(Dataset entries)
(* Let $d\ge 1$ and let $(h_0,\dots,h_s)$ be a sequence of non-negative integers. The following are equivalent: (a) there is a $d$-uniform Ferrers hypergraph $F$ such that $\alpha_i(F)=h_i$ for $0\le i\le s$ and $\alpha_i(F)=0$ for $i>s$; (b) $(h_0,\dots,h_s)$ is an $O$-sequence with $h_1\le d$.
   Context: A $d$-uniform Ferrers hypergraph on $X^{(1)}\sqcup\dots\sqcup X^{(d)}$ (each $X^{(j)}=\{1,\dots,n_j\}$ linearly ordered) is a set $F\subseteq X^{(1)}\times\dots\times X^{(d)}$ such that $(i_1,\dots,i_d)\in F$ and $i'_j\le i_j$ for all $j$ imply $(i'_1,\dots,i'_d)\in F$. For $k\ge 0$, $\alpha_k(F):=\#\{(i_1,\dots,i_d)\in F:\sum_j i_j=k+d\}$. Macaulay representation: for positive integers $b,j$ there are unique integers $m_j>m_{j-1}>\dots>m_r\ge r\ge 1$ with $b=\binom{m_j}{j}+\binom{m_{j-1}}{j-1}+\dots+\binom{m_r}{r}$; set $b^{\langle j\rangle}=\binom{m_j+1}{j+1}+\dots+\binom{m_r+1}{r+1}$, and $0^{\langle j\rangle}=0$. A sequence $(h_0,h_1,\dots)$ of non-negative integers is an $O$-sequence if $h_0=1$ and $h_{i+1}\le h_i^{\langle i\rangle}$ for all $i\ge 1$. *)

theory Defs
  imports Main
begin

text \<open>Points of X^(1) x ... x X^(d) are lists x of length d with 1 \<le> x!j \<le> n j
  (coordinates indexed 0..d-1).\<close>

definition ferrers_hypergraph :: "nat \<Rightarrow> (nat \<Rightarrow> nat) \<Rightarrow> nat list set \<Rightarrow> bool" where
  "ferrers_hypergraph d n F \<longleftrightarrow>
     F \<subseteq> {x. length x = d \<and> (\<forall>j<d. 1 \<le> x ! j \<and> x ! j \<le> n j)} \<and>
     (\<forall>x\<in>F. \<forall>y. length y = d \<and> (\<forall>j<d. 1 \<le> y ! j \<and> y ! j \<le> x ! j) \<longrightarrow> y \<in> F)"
==
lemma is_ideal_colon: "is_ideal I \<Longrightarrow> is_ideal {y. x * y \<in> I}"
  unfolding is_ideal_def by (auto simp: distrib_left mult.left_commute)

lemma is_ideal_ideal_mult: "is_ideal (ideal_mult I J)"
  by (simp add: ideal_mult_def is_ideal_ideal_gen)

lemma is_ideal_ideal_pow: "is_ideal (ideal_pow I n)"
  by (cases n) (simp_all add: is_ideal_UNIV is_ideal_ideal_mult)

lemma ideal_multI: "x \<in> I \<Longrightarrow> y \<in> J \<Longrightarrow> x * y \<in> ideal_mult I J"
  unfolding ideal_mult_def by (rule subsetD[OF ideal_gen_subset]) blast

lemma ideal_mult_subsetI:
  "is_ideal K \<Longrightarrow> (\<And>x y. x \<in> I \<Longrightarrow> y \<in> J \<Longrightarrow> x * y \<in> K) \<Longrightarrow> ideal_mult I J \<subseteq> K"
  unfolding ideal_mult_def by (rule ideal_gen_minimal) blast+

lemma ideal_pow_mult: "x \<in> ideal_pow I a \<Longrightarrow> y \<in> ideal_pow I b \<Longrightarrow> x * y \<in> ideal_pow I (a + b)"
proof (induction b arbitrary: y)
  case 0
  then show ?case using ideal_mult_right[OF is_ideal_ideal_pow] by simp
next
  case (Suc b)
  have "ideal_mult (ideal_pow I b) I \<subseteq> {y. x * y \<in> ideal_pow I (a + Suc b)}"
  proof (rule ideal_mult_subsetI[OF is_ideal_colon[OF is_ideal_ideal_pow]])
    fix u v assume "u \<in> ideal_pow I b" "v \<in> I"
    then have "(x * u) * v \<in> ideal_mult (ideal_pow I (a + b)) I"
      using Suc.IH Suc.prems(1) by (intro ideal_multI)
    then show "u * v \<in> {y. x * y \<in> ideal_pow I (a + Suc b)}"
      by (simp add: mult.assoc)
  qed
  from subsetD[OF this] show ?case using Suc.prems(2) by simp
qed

● To do: In the records above, the line with "(* Let $d\ge" marks the start and the line with "(coordinates indexed 0..d-1).\<close>" marks the end; copy that stretch exactly, both lines included, and nothing else.

● Response to the exercise:
(* Let $d\ge 1$ and let $(h_0,\dots,h_s)$ be a sequence of non-negative integers. The following are equivalent: (a) there is a $d$-uniform Ferrers hypergraph $F$ such that $\alpha_i(F)=h_i$ for $0\le i\le s$ and $\alpha_i(F)=0$ for $i>s$; (b) $(h_0,\dots,h_s)$ is an $O$-sequence with $h_1\le d$.
   Context: A $d$-uniform Ferrers hypergraph on $X^{(1)}\sqcup\dots\sqcup X^{(d)}$ (each $X^{(j)}=\{1,\dots,n_j\}$ linearly ordered) is a set $F\subseteq X^{(1)}\times\dots\times X^{(d)}$ such that $(i_1,\dots,i_d)\in F$ and $i'_j\le i_j$ for all $j$ imply $(i'_1,\dots,i'_d)\in F$. For $k\ge 0$, $\alpha_k(F):=\#\{(i_1,\dots,i_d)\in F:\sum_j i_j=k+d\}$. Macaulay representation: for positive integers $b,j$ there are unique integers $m_j>m_{j-1}>\dots>m_r\ge r\ge 1$ with $b=\binom{m_j}{j}+\binom{m_{j-1}}{j-1}+\dots+\binom{m_r}{r}$; set $b^{\langle j\rangle}=\binom{m_j+1}{j+1}+\dots+\binom{m_r+1}{r+1}$, and $0^{\langle j\rangle}=0$. A sequence $(h_0,h_1,\dots)$ of non-negative integers is an $O$-sequence if $h_0=1$ and $h_{i+1}\le h_i^{\langle i\rangle}$ for all $i\ge 1$. *)

theory Defs
  imports Main
begin

text \<open>Points of X^(1) x ... x X^(d) are lists x of length d with 1 \<le> x!j \<le> n j
  (coordinates indexed 0..d-1).\<close>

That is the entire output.